** SOURCE MATERIAL follows **

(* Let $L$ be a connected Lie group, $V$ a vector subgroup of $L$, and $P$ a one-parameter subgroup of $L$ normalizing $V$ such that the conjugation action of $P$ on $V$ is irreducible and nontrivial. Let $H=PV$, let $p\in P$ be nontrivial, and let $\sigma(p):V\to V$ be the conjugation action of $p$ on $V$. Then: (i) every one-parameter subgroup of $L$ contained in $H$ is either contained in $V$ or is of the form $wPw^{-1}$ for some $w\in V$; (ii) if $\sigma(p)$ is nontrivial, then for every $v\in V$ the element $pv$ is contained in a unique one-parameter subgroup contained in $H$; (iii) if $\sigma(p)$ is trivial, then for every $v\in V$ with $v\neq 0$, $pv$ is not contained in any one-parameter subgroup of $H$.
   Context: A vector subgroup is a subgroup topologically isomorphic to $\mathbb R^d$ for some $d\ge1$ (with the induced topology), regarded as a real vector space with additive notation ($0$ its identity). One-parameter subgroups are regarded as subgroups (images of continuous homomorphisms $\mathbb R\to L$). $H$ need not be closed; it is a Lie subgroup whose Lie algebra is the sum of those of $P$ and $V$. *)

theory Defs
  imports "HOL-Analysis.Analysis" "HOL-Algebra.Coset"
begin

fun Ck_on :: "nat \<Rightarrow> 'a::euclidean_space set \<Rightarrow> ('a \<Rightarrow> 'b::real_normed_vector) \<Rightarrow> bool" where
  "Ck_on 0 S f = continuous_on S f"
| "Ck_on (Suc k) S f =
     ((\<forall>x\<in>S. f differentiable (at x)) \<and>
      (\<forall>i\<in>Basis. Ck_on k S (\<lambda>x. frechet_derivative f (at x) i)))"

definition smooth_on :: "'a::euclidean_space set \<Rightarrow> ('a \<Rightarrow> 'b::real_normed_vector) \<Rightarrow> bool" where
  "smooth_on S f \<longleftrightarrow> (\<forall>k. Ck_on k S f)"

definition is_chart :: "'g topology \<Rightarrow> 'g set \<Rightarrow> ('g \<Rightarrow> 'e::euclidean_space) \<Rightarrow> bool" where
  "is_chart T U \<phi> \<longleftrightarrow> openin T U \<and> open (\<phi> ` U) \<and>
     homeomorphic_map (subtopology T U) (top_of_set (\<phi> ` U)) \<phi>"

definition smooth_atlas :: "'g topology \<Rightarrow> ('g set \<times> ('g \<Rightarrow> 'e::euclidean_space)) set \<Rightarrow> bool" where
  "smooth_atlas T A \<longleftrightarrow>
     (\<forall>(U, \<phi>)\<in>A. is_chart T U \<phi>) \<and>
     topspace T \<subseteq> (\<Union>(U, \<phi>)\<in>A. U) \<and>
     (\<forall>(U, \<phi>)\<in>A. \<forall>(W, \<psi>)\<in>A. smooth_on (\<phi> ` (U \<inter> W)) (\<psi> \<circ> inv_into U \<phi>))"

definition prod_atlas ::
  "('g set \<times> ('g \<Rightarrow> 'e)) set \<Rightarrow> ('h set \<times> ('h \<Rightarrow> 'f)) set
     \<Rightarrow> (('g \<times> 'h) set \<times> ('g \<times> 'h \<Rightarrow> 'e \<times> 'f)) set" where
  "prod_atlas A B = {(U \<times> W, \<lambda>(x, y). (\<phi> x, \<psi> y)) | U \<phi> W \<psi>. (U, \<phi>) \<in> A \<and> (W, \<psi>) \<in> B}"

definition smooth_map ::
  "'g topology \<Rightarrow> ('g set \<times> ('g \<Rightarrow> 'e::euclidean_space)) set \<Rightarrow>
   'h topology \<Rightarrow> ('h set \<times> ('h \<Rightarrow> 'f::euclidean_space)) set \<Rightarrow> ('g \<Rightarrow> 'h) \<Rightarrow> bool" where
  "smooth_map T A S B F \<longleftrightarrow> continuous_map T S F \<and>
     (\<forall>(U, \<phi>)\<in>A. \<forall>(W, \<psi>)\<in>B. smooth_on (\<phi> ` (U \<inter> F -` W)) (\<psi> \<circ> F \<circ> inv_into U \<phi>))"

** End of SOURCE MATERIAL **

▶ WORK REQUIRED
Pick out, from the lines above, every one that contains the string "lambda".

▶ WRITTEN REPLY
      (\<forall>i\<in>Basis. Ck_on k S (\<lambda>x. frechet_derivative f (at x) i)))"
  "prod_atlas A B = {(U \<times> W, \<lambda>(x, y). (\<phi> x, \<psi> y)) | U \<phi> W \<psi>. (U, \<phi>) \<in> A \<and> (W, \<psi>) \<in> B}"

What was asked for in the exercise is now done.